Русская критика
Шрифт:
Любят они, любят выявлять всяческие «сплавы» и «синтезы» в русском человеке: например, самооплевывания и национальной гордости, «юродства» и разбоя, показывая свою хорошую выучку диалектике у марксистов. «Как бы ни был несчастен, грязен и неблагообразен русский человек, — продолжает разглядывать «цветы зла» В.Ерофеев, — он убежден, что в нем есть что-то особенное, недоступное другим народам». И снова так «непринужденно» получается из русского человека сплав «грязи и особенного»! «В русской душе есть все», — утверждает другой знаток русского национального характера В. Пьецух в рассказе «Центрально-Ермолаевская война» (под «войной» понимается затянувшаяся вражда между двумя соседними деревнями). Сочувствующие Пьецуху как «типу примиряющего писателя» (?!), критики так откомментировали это и прочие его сочинения: «…низменно говоря о России, об абсурдности русской жизни и российской истории, Пьецух создает настолько универсальный контекст, что “русский национальный абсурд” в его рассказах выглядит как черта всеобщая, бытийная и вневременная» (Н.Л.Лейдерман, М.Н.Липовецкий). «Но если всмотреться в “центрально-ермолаевскую
Русский человек, по реестру Ерофеева и прочих, имеет следующие характерные черты:
— он страдает, но страдания эти его не возвышают, а напротив, обезличивают, что приводит к стиранию какой-либо разницы «между жертвами и палачами»; Россия при этом — ни что иное как «большая зона»;
— он, — этот маленький человек — жалкий, гадкий и отвратительный;
— как герой, он обладает «типично хулиганской ментальностью, дразнящей воображение, особенно в России»;
— для него запой — масштабное «национальное решение» проблемы «отказа от навязанных народу идеологических календарей», как «тип наркотического путешествия», как «благая весть о несовместимости советизма и русской души»;
— русский человек несчастен, грязен, глуп, нелеп, абсурден;
— деревенские чудаки стали чудаками на букву «м»;
— русский характер отличает «неевропейскость, непоследовательность, неопределенность воззрений и поступков, связанных с аксиологической запутанностью русского мира»;
— русским «отвратительна сама идея развития» (это уже Быков дополняет Ерофеева)
— русский народ — народ-оборотень, в России «юродство и …наглая сила так между собой связаны, что постоянно отзываются оборотничеством, — только что перед тобой ныл юродивый, ан глядь, у него уже и нож в рукаве…» (снова Быков тычет в Распутина пальцем, что, мол, ответа не даете?! Не видите! Не хотите принимать эту «свою особенность» и все сваливаете на плохих лиц «не вашей национальности»?!)

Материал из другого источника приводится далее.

lemma obj_Dom: "f \<in> Arr \<Longrightarrow> Dom f \<in> cat_obj E"
  and obj_Cod: "f \<in> Arr \<Longrightarrow> Cod f \<in> cat_obj E"
  and arr_Id: "x \<in> cat_obj E \<Longrightarrow> Id x \<in> Arr"
  and Dom_Id [simp]: "x \<in> cat_obj E \<Longrightarrow> Dom (Id x) = x"
  and Cod_Id [simp]: "x \<in> cat_obj E \<Longrightarrow> Cod (Id x) = x"
  and arr_cmp: "f \<in> Arr \<Longrightarrow> g \<in> Arr \<Longrightarrow> Cod f = Dom g \<Longrightarrow> g \<cdot> f \<in> Arr"
  and Dom_cmp [simp]: "f \<in> Arr \<Longrightarrow> g \<in> Arr \<Longrightarrow> Cod f = Dom g \<Longrightarrow> Dom (g \<cdot> f) = Dom f"
  and Cod_cmp [simp]: "f \<in> Arr \<Longrightarrow> g \<in> Arr \<Longrightarrow> Cod f = Dom g \<Longrightarrow> Cod (g \<cdot> f) = Cod g"
  and Id_cmp: "f \<in> Arr \<Longrightarrow> Cod f = x \<Longrightarrow> Id x \<cdot> f = f"
  and cmp_Id: "f \<in> Arr \<Longrightarrow> Dom f = x \<Longrightarrow> f \<cdot> Id x = f"
  and cmp_assoc: "f \<in> Arr \<Longrightarrow> g \<in> Arr \<Longrightarrow> h \<in> Arr \<Longrightarrow> Cod f = Dom g \<Longrightarrow> Cod g = Dom h \<Longrightarrow>
     (h \<cdot> g) \<cdot> f = h \<cdot> g \<cdot> f"
  using category unfolding is_category_def by auto

lemma cospansI: "a \<in> Arr \<Longrightarrow> b \<in> Arr \<Longrightarrow> Cod a = Cod b \<Longrightarrow> (a, b) \<in> cospans E"
  and cospansD: "l \<in> cospans E \<Longrightarrow> fst l \<in> Arr \<and> snd l \<in> Arr \<and> Cod (fst l) = Cod (snd l)"
  unfolding cospans_def by auto
(* Let $X,Y$ be Banach spaces, let $F:X\rightrightarrows Y$ be a closed convex set-valued mapping, let $A\subset X$ be a closed convex set, let $\bar y\in Y$, put $S:=F^{-1}(\bar y)\cap A$, and let $\bar x\in S$. Then $$\frac{1}{\eta_A(F,\bar x,\bar y)}=\inf\{\tau>0:\exists\delta>0\text{ such that } N(S,x)\cap B_{X^*}\subset\tau\big(D^*F(x,\bar y)(B_{Y^*})+N(A,x)\cap B_{X^*}\big)\text{ for every }x\in S\cap B(\bar x,\delta)\}.$$
   Context: $B_X,B_Y,B_{X^*},B_{Y^*}$ are the closed unit balls of $X,Y$ and their duals; $B(x,\delta)$ is the open ball. $F$ closed convex means ${\rm gph}(F)=\{(x,y):y\in F(x)\}$ is closed and convex in $X\times Y$. For a closed convex set $C$ and $a\in C$: the contingent cone $T(C,a)$ is the set of $v$ for which there exist $v_n\to v$, $t_n\to0^+$ with $a+t_nv_n\in C$ for all $n$; the normal cone is $N(C,a):=\{x^*\in X^*:\langle x^*,x-a\rangle\le0\ \forall x\in C\}$. For $(x,y)\in{\rm gph}(F)$: $DF^{-1}(y,x)(v):=\{u\in X:(u,v)\in T({\rm gph}(F),(x,y))\}$, $DF^{-1}(y,x)(W)=\bigcup_{v\in W}DF^{-1}(y,x)(v)$ for $W\subset Y$; the coderivative is $D^*F(x,y)(y^* ):=\{x^*\in X^*:(x^*,-y^* )\in N({\rm gph}(F),(x,y))\}$ and $D^*F(x,y)(B_{Y^*})=\bigcup_{y^*\in B_{Y^*}}D^*F(x,y)(y^* )$. $\eta_A(F,\bar x,\bar y):=\sup\{\eta>0:\exists\delta>0$ such that for every $x\in S\cap B(\bar x,\delta)$: $DF^{-1}(\bar y,x)(\eta_1B_Y)\cap(T(A,x)+\eta_2B_X)\subset T(S,x)+B_X$ for all $\eta_1,\eta_2\ge0$ with $\eta_1+\eta_2<\eta\}$, with $\sup\emptyset=0$, $\inf\emptyset=+\infty$, $1/0=+\infty$. *)

theory Defs
  imports "HOL-Analysis.Analysis"
begin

Ерофеев, в отличие от Быкова, менее гневается на «народ-оборотень» — он радуется, что «западный читатель может вздохнуть с облегчением: он не живет в России, где так низко ценится человеческая жизнь и так много дикости». Можно легко себе представить, что говорит о русских и России этот передовик, выполнивший и перевыполнивший все планы представительства от имени «русской» литературы за рубежом. И так всегда: сделают свою выборку качеств русского человека, придадут ей «репрезентативный вид», и со всем максимально-возможным лицемерием начинают стенать о низкой цене жизни в России и ее дикости — будто не сами навязывают эту «цену» и эту меру в литературе. А то, что именно сами заинтересованно «поработали» — о том вопиют все их тексты. Их собственные слова выступают самыми главными свидетелями.

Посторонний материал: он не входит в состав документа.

(* For all integers $N\ge 1$ and $k\ge 1$, $$\mathbb{E}[\mathcal{R}_{k+1}(N+1)]=\sum_{1\le j_1<j_2<\dots<j_k\le N}\frac{1}{j_1 j_2\cdots j_k},$$ (the sum being $0$ if $k>N$); moreover $\mathcal{R}_1(N)=1$ for all $N\ge1$. In particular $\mathbb{E}[\mathcal{R}_{N}(N)]=1/(N-1)!$ and $\mathbb{E}[\mathcal{R}_3(N+1)]=\tfrac12\big(H_N^2-H_N^{(2)}\big)$, where $H_N=\sum_{i\le N}1/i$, $H_N^{(2)}=\sum_{i\le N}1/i^2$.
   Context: A random recursive hypergraph (RRH) is the random hypergraph process defined as follows. At size $N=1$ it has vertex set $\{v_1\}$ and edge set $\{\{v_1\}\}$. Given the hypergraph of size $N$ (vertices $v_1,\dots,v_N$, exactly $N$ edges), one chooses an existing edge $e$ uniformly at random, independently of the past, and adds a new vertex $v_{N+1}$ together with the new edge $e\cup\{v_{N+1}\}$. The rank of a vertex $v$ is $\min\{|e| : v\in e\}$. $\mathcal{R}_k(N)$ denotes the number of vertices of rank $k$ in the RRH of size $N$ (equivalently, the number of edges of size $k$). *)

theory Defs
  imports "HOL-Probability.Probability"
begin

text \<open>A hypergraph is represented by its set of edges; vertex v_i is the natural number i.
  All edges of the RRH are distinct (each new edge contains a fresh vertex), so the
  edge set determines the hypergraph and uniform choice of an edge is pmf_of_set.\<close>

type_synonym hgraph = "nat set set"

text \<open>rrh N: the random recursive hypergraph of size N (meaningful for N >= 1).\<close>
fun rrh :: "nat \<Rightarrow> hgraph pmf" where
  "rrh 0 = return_pmf {}"
| "rrh (Suc 0) = return_pmf {{1}}"
| "rrh (Suc (Suc n)) =
     bind_pmf (rrh (Suc n))
       (\<lambda>E. map_pmf (\<lambda>e. insert (insert (Suc (Suc n)) e) E) (pmf_of_set E))"

definition vertices :: "hgraph \<Rightarrow> nat set" where
  "vertices E = \<Union>E"

definition rank :: "hgraph \<Rightarrow> nat \<Rightarrow> nat" where
  "rank E v = Min {card e | e. e \<in> E \<and> v \<in> e}"

definition Rk :: "nat \<Rightarrow> hgraph \<Rightarrow> nat" where
  "Rk k E = card {v \<in> vertices E. rank E v = k}"

definition ERk :: "nat \<Rightarrow> nat \<Rightarrow> real" where
  "ERk k N = measure_pmf.expectation (rrh N) (\<lambda>E. real (Rk k E))"

end

theory Submission
  imports Defs
begin

text \<open>
  Every vertex v of the RRH is the largest element of the edge e_v created together with it,
  and every edge containing v has grown out of e_v; hence the rank of v is the size of e_v and
  R_k counts the edges of size k. A step of the process picks one of the N edges uniformly
  and adds an edge one larger, so
  E R_{k+1}(N+1) = E R_{k+1}(N) + E R_k(N) / N.
  This is the recursion e_k(x_1..x_N) = e_k(x_1..x_{N-1}) + x_N e_{k-1}(x_1..x_{N-1}) of the
  elementary symmetric polynomials at x_j = 1/j, and the special cases are
  e_N = x_1 * ... * x_N and 2 e_2 = (\<Sigma> x_j)^2 - \<Sigma> x_j^2.
\<close>

definition esym :: "nat \<Rightarrow> 'a set \<Rightarrow> ('a \<Rightarrow> 'b::comm_semiring_1) \<Rightarrow> 'b" where
  "esym k A f = (\<Sum>S | S \<subseteq> A \<and> card S = k. \<Prod>x\<in>S. f x)"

Самозванцы в лице проворных и брезгливых писателей будут, очевидно, еще какое-то время маячить в литературе, то, восхищаясь, как Толстая «народным порно», то, складывая в столбики под видом стихов проблемы «запальчивой пустоты» и «фигур интуиции». Нет, ни к советской литературе стоят они прежде всего в позиции ненависти. Советская литература уже история. А именно к почвенной, — давно, с XIX века, кричат о ее «замшелости». Но крик этот такой сильный, наглый и страстный, что кажется странным, — разве «замшелое» и «этнографическое» (читай мертвое) может вызывать такую ожоговую реакцию? Отчего же им так физически скверно от всей этой нашей «деревенщины»? Дадим в последний раз слово В. Ерофееву: «Смысл новой русской литературы не в этнографической достоверности и не в разоблачении страны, а в показе того, что под тонким культурным покровом человек оказывается неуправляемым животным. Русский пример просто порой убедительнее прочих».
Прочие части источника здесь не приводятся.